While this play is relatively small in magnitude, it certainly already beats many bigger ones in profitability. While an average well has estimated IRR in the 50% range, the best wells' IRR can exceed 300%.

Potential Implications for Cabot Stock

From the stock valuation perspective, the Marmaton play can be meaningful to both Cabot and Unit, the two operators who have shown the greatest commitment to the play so far. The important question, what is the upper end of the potential value range for this business to Cabot in the long term? Assuming COG continues to build operating momentum and ultimately takes, for the purpose of illustration, a 25% market share in the play, the NPV to be ultimately realized could be high as $1 billion, based on the discussion above.
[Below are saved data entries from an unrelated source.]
(* For $n\ge2$, with $\widetilde Q_n$, $\Sigma^2$, $\iota$, $f_n$, $f_{n+1}$ and $\epsilon_n$ as in the context, $$\iota_*\circ\Sigma^2\,[f_n\circ\epsilon_n]\;=\;[f_{n+1}\circ\epsilon_{n+1}]\quad\text{in }\pi_{2n+1}(\widetilde Q_{n+1}),$$ where $\epsilon_{n+1}:=\Sigma^2\epsilon_n$.
   Context: $\widetilde Q_n=\{(a,b)\in\mathbb R^{2n}\oplus\mathbb R^{2n}: |a|=|b|=1,\ \langle a,b\rangle=0\}$. For $S\subset V$, $\Sigma^2S=\{(\sqrt{1-|X|^2}\,v,X): v\in S, X\in\mathbb R^2,|X|\le1\}\subset V\oplus\mathbb R^2$, and for $f\colon P\to S$ with $P\subset U$, $\Sigma^2f(\sqrt{1-|X|^2}u,X)=(\sqrt{1-|X|^2}f(u),X)$. $j_+$ is the orientation-compatible orthogonal complex structure on $\mathbb R^2$, and $\iota\colon\Sigma^2\widetilde Q_n\to\widetilde Q_{n+1}$ is $(\sqrt{1-|X|^2}(a,b),X)\mapsto\big((\sqrt{1-|X|^2}a,X),(\sqrt{1-|X|^2}b,-j_+X)\big)$. Fix a unit vector $a\in\mathbb R^{2n}$; $f_n\colon S(a^\perp)\cong S^{2n-2}\to\widetilde Q_n$, $b\mapsto(a,b)$, is the inclusion of a fibre of $(a,b)\mapsto a$, and $f_{n+1}\colon S((a,0)^\perp)\to\widetilde Q_{n+1}$, $c\mapsto((a,0),c)$, where $S((a,0)^\perp)=S(a^\perp\oplus\mathbb R^2)=\Sigma^2S(a^\perp)$. $\epsilon_n$ is a generator of $\pi_{2n-1}(S(a^\perp))\cong\pi_{2n-1}(S^{2n-2})$ ($\cong\mathbb Z$ for $n=2$, $\mathbb Z/2$ for $n>2$), and $\epsilon_{n+1}=\Sigma^2\epsilon_n\in\pi_{2n+1}(S((a,0)^\perp))$. *)

theory Defs
  imports "HOL-Analysis.Analysis"
begin

text \<open>R^{2n} is modelled by a euclidean space 'a with DIM('a) = 2n; R^2 by complex,
  so V \<oplus> R^2 is 'v \<times> complex and j_+ is multiplication by the imaginary unit.\<close>

definition Qt :: "('v::real_inner \<times> 'v) set" where
  "Qt = {(a, b). norm a = 1 \<and> norm b = 1 \<and> inner a b = 0}"

definition perp_sphere :: "'v::real_inner \<Rightarrow> 'v set" where
  "perp_sphere a = {b. norm b = 1 \<and> inner a b = 0}"

definition susp2_set :: "'u::real_normed_vector set \<Rightarrow> ('u \<times> complex) set" where
  "susp2_set S = {(sqrt (1 - (norm X)^2) *\<^sub>R v, X) | v X. v \<in> S \<and> norm X \<le> 1}"

text \<open>Sigma^2 f (sqrt(1-|X|^2) u, X) = (sqrt(1-|X|^2) f u, X) for u on the unit sphere.\<close>
definition susp2 :: "('u::real_normed_vector \<Rightarrow> 'v::real_normed_vector) \<Rightarrow> ('u \<times> complex \<Rightarrow> 'v \<times> complex)" where
  "susp2 f = (\<lambda>(w, X). if norm X < 1
      then (sqrt (1 - (norm X)^2) *\<^sub>R f ((1 / sqrt (1 - (norm X)^2)) *\<^sub>R w), X)
      else (0, X))"

definition iota :: "(('v::real_normed_vector \<times> 'v) \<times> complex) \<Rightarrow> (('v \<times> complex) \<times> ('v \<times> complex))" where
  "iota = (\<lambda>((p, q), X). ((p, X), (q, - (\<i> * X))))"

definition fibre_incl :: "'v \<Rightarrow> 'v \<Rightarrow> 'v \<times> 'v" where
  "fibre_incl a = (\<lambda>b. (a, b))"

end

theory Submission
  imports Defs
begin

(* A point of the unit sphere of R^2n \<oplus> R^2 is (w, X) with |w|^2 + |X|^2 = 1, and there
  Sigma^2 eps is (w, X) \<mapsto> (G w, X) for the radial extension G w = |w| eps(w/|w|). Hence
  iota \<circ> Sigma^2 (f_n \<circ> eps) is (w, X) \<mapsto> ((|w| a, X), (G w, -j_+ X)), while
  f_(n+1) \<circ> Sigma^2 eps is (w, X) \<mapsto> ((a, 0), (G w, X)). In Qt one coordinate of an orthonormal
  pair can be moved along a straight line orthogonal to the other one and renormalised, as long
  as its two ends are never antipodal. This moves (|w| a, X) to (a, 0), and then -j_+ X to X in the second
  coordinate; the latter ends are antipodal only where G w = 0 and X = 0, which is off the
  sphere. *)

lemma zero_notin_closed_segment_nonantipodal:
  fixes u v :: "'a::real_normed_vector"
  assumes "norm u = 1" "norm v = 1" "u \<noteq> - v"
  shows "0 \<notin> closed_segment u v"
proof
  assume "0 \<in> closed_segment u v"
  then obtain t where "(1 - t) *\<^sub>R u + t *\<^sub>R v = 0" "0 \<le> t" "t \<le> 1"
    by (auto simp: in_segment)
  then have uv: "(1 - t) *\<^sub>R u = - (t *\<^sub>R v)"
    by (simp add: eq_neg_iff_add_eq_0)
  then have "1 - t = t"
    using \<open>0 \<le> t\<close> \<open>t \<le> 1\<close> assms(1,2)
    by (metis abs_of_nonneg diff_ge_0_iff_ge mult.right_neutral norm_minus_cancel norm_scaleR)
  with uv have "t *\<^sub>R u = t *\<^sub>R (- v)" and "t \<noteq> 0"
    by auto
  then have "u = - v"
    by (metis scaleR_cancel_left)
  with assms(3) show False ..
qed

lemma Qt_swap_iff: "(b, a) \<in> Qt \<longleftrightarrow> (a, b) \<in> Qt"
  by (auto simp: Qt_def inner_commute)

lemma Qt_homotopic_fst:
  fixes f g q :: "'b::topological_space \<Rightarrow> 'v::real_inner"
  assumes "continuous_on S f" "continuous_on S g" "continuous_on S q"
    and "\<And>x. x \<in> S \<Longrightarrow> (f x, q x) \<in> Qt" "\<And>x. x \<in> S \<Longrightarrow> (g x, q x) \<in> Qt"
    and "\<And>x. x \<in> S \<Longrightarrow> f x \<noteq> - g x"
  shows "homotopic_with_canon (\<lambda>_. True) S Qt (\<lambda>x. (f x, q x)) (\<lambda>x. (g x, q x))"
proof -
  define T where "T = {(u, v :: 'v). u \<noteq> 0 \<and> norm v = 1 \<and> inner u v = 0}"
  have "homotopic_with_canon (\<lambda>_. True) S T (\<lambda>x. (f x, q x)) (\<lambda>x. (g x, q x))"
  proof (rule homotopic_with_linear)
    show "closed_segment (f x, q x) (g x, q x) \<subseteq> T" if "x \<in> S" for x
    proof
      fix p assume "p \<in> closed_segment (f x, q x) (g x, q x)"
      then obtain t where p: "p = ((1 - t) *\<^sub>R f x + t *\<^sub>R g x, q x)" and "0 \<le> t" "t \<le> 1"
        by (auto simp: in_segment algebra_simps)
      have "0 \<notin> closed_segment (f x) (g x)"
        using assms(4-6) that by (intro zero_notin_closed_segment_nonantipodal) (auto simp: Qt_def)
      then have "(1 - t) *\<^sub>R f x + t *\<^sub>R g x \<noteq> 0"
        using \<open>0 \<le> t\<close> \<open>t \<le> 1\<close> by (auto simp: in_segment)
      with assms(4,5) that show "p \<in> T"
        by (auto simp: T_def Qt_def p inner_add_left)
    qed
  qed (use assms(1-3) in \<open>auto intro: continuous_on_Pair\<close>)
  moreover have "continuous_on T (\<lambda>p. (sgn (fst p), snd p))"
    by (intro continuous_intros) (auto simp: T_def)
  moreover have "(\<lambda>p. (sgn (fst p), snd p)) \<in> T \<rightarrow> Qt"
    by (auto simp: T_def Qt_def norm_sgn sgn_div_norm)
  ultimately have "homotopic_with_canon (\<lambda>_. True) S Qt
      (\<lambda>x. (sgn (f x), q x)) (\<lambda>x. (sgn (g x), q x))"
    by (auto dest: homotopic_with_compose_continuous_left simp: o_def)
  moreover have "sgn (f x) = f x" "sgn (g x) = g x" if "x \<in> S" for x
    using assms(4,5) that by (auto simp: Qt_def sgn_div_norm)
  ultimately show ?thesis
    by (auto elim!: homotopic_with_eq)
qed

lemma Qt_homotopic_snd:
  fixes f g q :: "'b::topological_space \<Rightarrow> 'v::real_inner"
  assumes "continuous_on S f" "continuous_on S g" "continuous_on S q"
    and "\<And>x. x \<in> S \<Longrightarrow> (q x, f x) \<in> Qt" "\<And>x. x \<in> S \<Longrightarrow> (q x, g x) \<in> Qt"
    and "\<And>x. x \<in> S \<Longrightarrow> f x \<noteq> - g x"
  shows "homotopic_with_canon (\<lambda>_. True) S Qt (\<lambda>x. (q x, f x)) (\<lambda>x. (q x, g x))"
proof -
  have "homotopic_with_canon (\<lambda>_. True) S Qt (\<lambda>x. (f x, q x)) (\<lambda>x. (g x, q x))"
    using assms by (intro Qt_homotopic_fst) (auto simp: Qt_swap_iff)
  moreover have "continuous_on Qt prod.swap"
    by (intro continuous_intros)
  moreover have "prod.swap \<in> Qt \<rightarrow> Qt"
    by (auto simp: Qt_swap_iff)
  ultimately show ?thesis
    by (auto dest: homotopic_with_compose_continuous_left simp: o_def)
qed

definition radial_extension :: "('a::real_normed_vector \<Rightarrow> 'b::real_normed_vector) \<Rightarrow> 'a \<Rightarrow> 'b"
  where "radial_extension e w = norm w *\<^sub>R e (sgn w)"

lemma continuous_on_radial_extension:
  fixes e :: "'a::real_normed_vector \<Rightarrow> 'b::real_normed_vector"
  assumes "continuous_on (sphere 0 1) e" "e ` sphere 0 1 \<subseteq> sphere 0 1"
  shows "continuous_on UNIV (radial_extension e)"
proof (rule continuous_at_imp_continuous_on, clarify)
  fix w :: 'a
  show "isCont (radial_extension e) w"
  proof (cases "w = 0")
    case True
    have bound: "norm (radial_extension e x) \<le> norm x" for x :: 'a
    proof (cases "x = 0")
      case False
      then have "sgn x \<in> sphere 0 1"
        by (simp add: norm_sgn)
      then have "e (sgn x) \<in> sphere 0 1"
        using assms(2) by blast
      then show ?thesis
        by (simp add: radial_extension_def)
    qed (simp add: radial_extension_def)
    have "(radial_extension e \<longlongrightarrow> 0) (at 0)"
      by (rule tendsto_0_le[where f="\<lambda>x. x" and K=1])
        (use bound in \<open>auto intro!: always_eventually tendsto_ident_at\<close>)
    with True show ?thesis
      by (simp add: isCont_def radial_extension_def)
  next
    case False
    have "continuous_on (- {0}) (sgn :: 'a \<Rightarrow> 'a)"
      by (intro continuous_on_sgn continuous_on_id) auto
    moreover have "sgn ` (- {0}) \<subseteq> sphere (0 :: 'a) 1"
      by (auto simp: norm_sgn split: if_split_asm)
    ultimately have "continuous_on (- {0}) (e \<circ> sgn)"
      by (metis continuous_on_compose continuous_on_subset assms(1))
    with False have "isCont (\<lambda>x. e (sgn x)) w"
      by (simp add: continuous_on_eq_continuous_at open_Compl o_def)
    then show ?thesis
      unfolding radial_extension_def by (intro continuous_intros)
  qed
qed

lemma radial_extension_perp_sphere:
  assumes "e ` sphere 0 1 \<subseteq> perp_sphere a"
  shows "norm (radial_extension e w) = norm w" "inner a (radial_extension e w) = 0"
proof -
  have "norm (radial_extension e w) = norm w \<and> inner a (radial_extension e w) = 0"
  proof (cases "w = 0")
    case False
    then have "e (sgn w) \<in> perp_sphere a"
      using assms by (auto simp: norm_sgn)
    then show ?thesis
      by (simp add: radial_extension_def perp_sphere_def)
  qed (simp add: radial_extension_def)
  then show "norm (radial_extension e w) = norm w" "inner a (radial_extension e w) = 0"
    by auto
qed

lemma norm_prod_eq_1_iff:
  fixes x :: "'a::real_normed_vector \<times> 'b::real_normed_vector"
  shows "norm x = 1 \<longleftrightarrow> norm (fst x) ^ 2 + norm (snd x) ^ 2 = 1"
  by (cases x) (simp add: norm_Pair)

lemma susp2_unit_sphere:
  assumes "x \<in> sphere 0 1"
  shows "susp2 f x = (radial_extension f (fst x), snd x)"
proof (cases x)
  case (Pair w X)
  have unit: "norm w ^ 2 + norm X ^ 2 = 1"
    using assms Pair by (simp add: norm_prod_eq_1_iff)
  show ?thesis
  proof (cases "norm X < 1")
    case True
    have "sqrt (1 - norm X ^ 2) = norm w"
      using unit by (intro real_sqrt_unique) auto
    with True Pair show ?thesis
      by (simp add: susp2_def radial_extension_def sgn_div_norm divide_inverse_commute)
  next
    case False
    then have "1 \<le> norm X ^ 2"
      by (simp add: one_le_power)
    with unit have "norm w ^ 2 \<le> 0"
      by linarith
    then have "w = 0"
      by simp
    with False Pair show ?thesis
      by (simp add: susp2_def radial_extension_def)
  qed
qed

lemma Qt_homotopic_base_point:
  fixes G :: "'u::real_normed_vector \<Rightarrow> 'v::real_inner" and a :: 'v
  assumes "continuous_on UNIV G" "norm a = 1"
    and "\<And>w. norm (G w) = norm w" "\<And>w. inner a (G w) = 0"
  shows "homotopic_with_canon (\<lambda>_. True) (sphere (0 :: 'u \<times> complex) 1) Qt
           (\<lambda>x. ((norm (fst x) *\<^sub>R a, snd x), (G (fst x), - (\<i> * snd x))))
           (\<lambda>x. ((a, 0), (G (fst x), - (\<i> * snd x))))"
proof (rule Qt_homotopic_fst)
  show "((norm (fst x) *\<^sub>R a, snd x), (G (fst x), - (\<i> * snd x))) \<in> Qt"
    and "((a, 0), (G (fst x), - (\<i> * snd x))) \<in> Qt" if "x \<in> sphere 0 1" for x
    using that assms(2-4)
    by (simp_all add: norm_prod_eq_1_iff Qt_def norm_Pair norm_mult inner_complex_def algebra_simps)
  show "(norm (fst x) *\<^sub>R a, snd x) \<noteq> - (a, 0)" for x
  proof
    assume "(norm (fst x) *\<^sub>R a, snd x) = - (a, 0)"
    then have "(norm (fst x) + 1) *\<^sub>R a = 0"
      by (simp add: scaleR_left_distrib)
    with assms(2) have "norm (fst x) + 1 = 0"
      by auto
    then show False
      using norm_ge_zero[of "fst x"] by linarith
  qed
qed (auto intro!: continuous_intros continuous_on_compose2[OF assms(1)])

lemma pair_mult_ii_nonantipodal:
  fixes u :: "'a::real_normed_vector" and X :: complex
  assumes "(u, X) \<noteq> 0"
  shows "(u, - (\<i> * X)) \<noteq> - (u, X)"
proof
  assume "(u, - (\<i> * X)) = - (u, X)"
  then have "u = - u" "\<i> * X = X"
    by simp_all
  have "2 *\<^sub>R u = 0"
    using \<open>u = - u\<close> by (metis eq_neg_iff_add_eq_0 scaleR_2)
  moreover have "(\<i> - 1) * X = 0"
    using \<open>\<i> * X = X\<close> by (simp add: algebra_simps)
  moreover have "\<i> - 1 \<noteq> 0"
    by (simp add: complex_eq_iff)
  ultimately show False
    using assms by (simp add: zero_prod_def)
qed

lemma Qt_homotopic_rotate_plane:
  fixes G :: "'u::real_normed_vector \<Rightarrow> 'v::real_inner" and a :: 'v
  assumes "continuous_on UNIV G" "norm a = 1"
    and "\<And>w. norm (G w) = norm w" "\<And>w. inner a (G w) = 0"
  shows "homotopic_with_canon (\<lambda>_. True) (sphere (0 :: 'u \<times> complex) 1) Qt
           (\<lambda>x. ((a, 0), (G (fst x), - (\<i> * snd x))))
           (\<lambda>x. ((a, 0), (G (fst x), snd x)))"
proof (rule Qt_homotopic_snd)
  show "((a, 0), (G (fst x), - (\<i> * snd x))) \<in> Qt" "((a, 0), (G (fst x), snd x)) \<in> Qt"
    if "x \<in> sphere 0 1" for x
    using that assms(2-4) by (simp_all add: norm_prod_eq_1_iff Qt_def norm_Pair norm_mult)
  show "(G (fst x), - (\<i> * snd x)) \<noteq> - (G (fst x), snd x)" if "x \<in> sphere 0 1" for x
  proof (rule pair_mult_ii_nonantipodal)
    have "norm (G (fst x), snd x) = 1"
      using that assms(3) by (simp add: norm_Pair norm_prod_eq_1_iff)
    then show "(G (fst x), snd x) \<noteq> 0"
      by auto
  qed
qed (auto intro!: continuous_intros continuous_on_compose2[OF assms(1)])

theorem lemmaA2:
  fixes n :: nat and a :: "'a::euclidean_space" and eps :: "'a \<Rightarrow> 'a"
  assumes "n \<ge> 2" and "DIM('a) = 2 * n" and "norm a = 1"
    and "continuous_on (sphere 0 1) eps" and "eps ` sphere 0 1 \<subseteq> perp_sphere a"
    and "\<forall>g :: 'a \<Rightarrow> 'a. continuous_on (sphere 0 1) g \<and> g ` sphere 0 1 \<subseteq> perp_sphere a \<longrightarrow>
          (\<exists>d :: 'a \<Rightarrow> 'a. continuous_on (sphere 0 1) d \<and> d ` sphere 0 1 \<subseteq> sphere 0 1 \<and>
             homotopic_with_canon (\<lambda>_. True) (sphere 0 1) (perp_sphere a) g (eps \<circ> d))"
  shows "homotopic_with_canon (\<lambda>_. True) (sphere (0 :: 'a \<times> complex) 1) Qt
           (iota \<circ> susp2 (fibre_incl a \<circ> eps))
           (\<lambda>x. ((a, 0), susp2 eps x))"
proof -
  let ?G = "radial_extension eps"
  have "eps ` sphere 0 1 \<subseteq> sphere 0 1"
    using assms(5) by (auto simp: perp_sphere_def)
  with assms(4) have cont: "continuous_on UNIV ?G"
    by (rule continuous_on_radial_extension)
  note G = radial_extension_perp_sphere[OF assms(5)]
  have "homotopic_with_canon (\<lambda>_. True) (sphere 0 1) Qt
      (\<lambda>x. ((norm (fst x) *\<^sub>R a, snd x), (?G (fst x), - (\<i> * snd x))))
      (\<lambda>x. ((a, 0), (?G (fst x), snd x)))"
    using Qt_homotopic_base_point[OF cont assms(3) G] Qt_homotopic_rotate_plane[OF cont assms(3) G]
    by (rule homotopic_with_trans)
  then show ?thesis
  proof (rule homotopic_with_eq)
    fix x assume "x \<in> topspace (top_of_set (sphere (0 :: 'a \<times> complex) 1))"
    then show "(iota \<circ> susp2 (fibre_incl a \<circ> eps)) x
        = ((norm (fst x) *\<^sub>R a, snd x), (?G (fst x), - (\<i> * snd x)))"
      and "((a, 0), susp2 eps x) = ((a, 0), (?G (fst x), snd x))"
      by (simp_all add: susp2_unit_sphere iota_def fibre_incl_def radial_extension_def)
  qed simp
qed

end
Given the accelerated development pace, Cabot may achieve a point where there is some preliminary visibility of this project's final outcome already in a year or two from now, the moment when the expected value will gradually begin being reflected in the stock price.

Developments to Watch

· Delineation results defining the boundaries and "sweet spots" of the play.

· Leasing/acquisition activity in the area and changes in the rig count.

· IP rate trends quarter to quarter.

· Decline profiles for the wells of older vintages to validate estimated EURs (upward revisions are likely).

· Reserve bookings at the end of the year.

Disclosure: I have no positions in any stocks mentioned, and no plans to initiate any positions within the next 72 hours.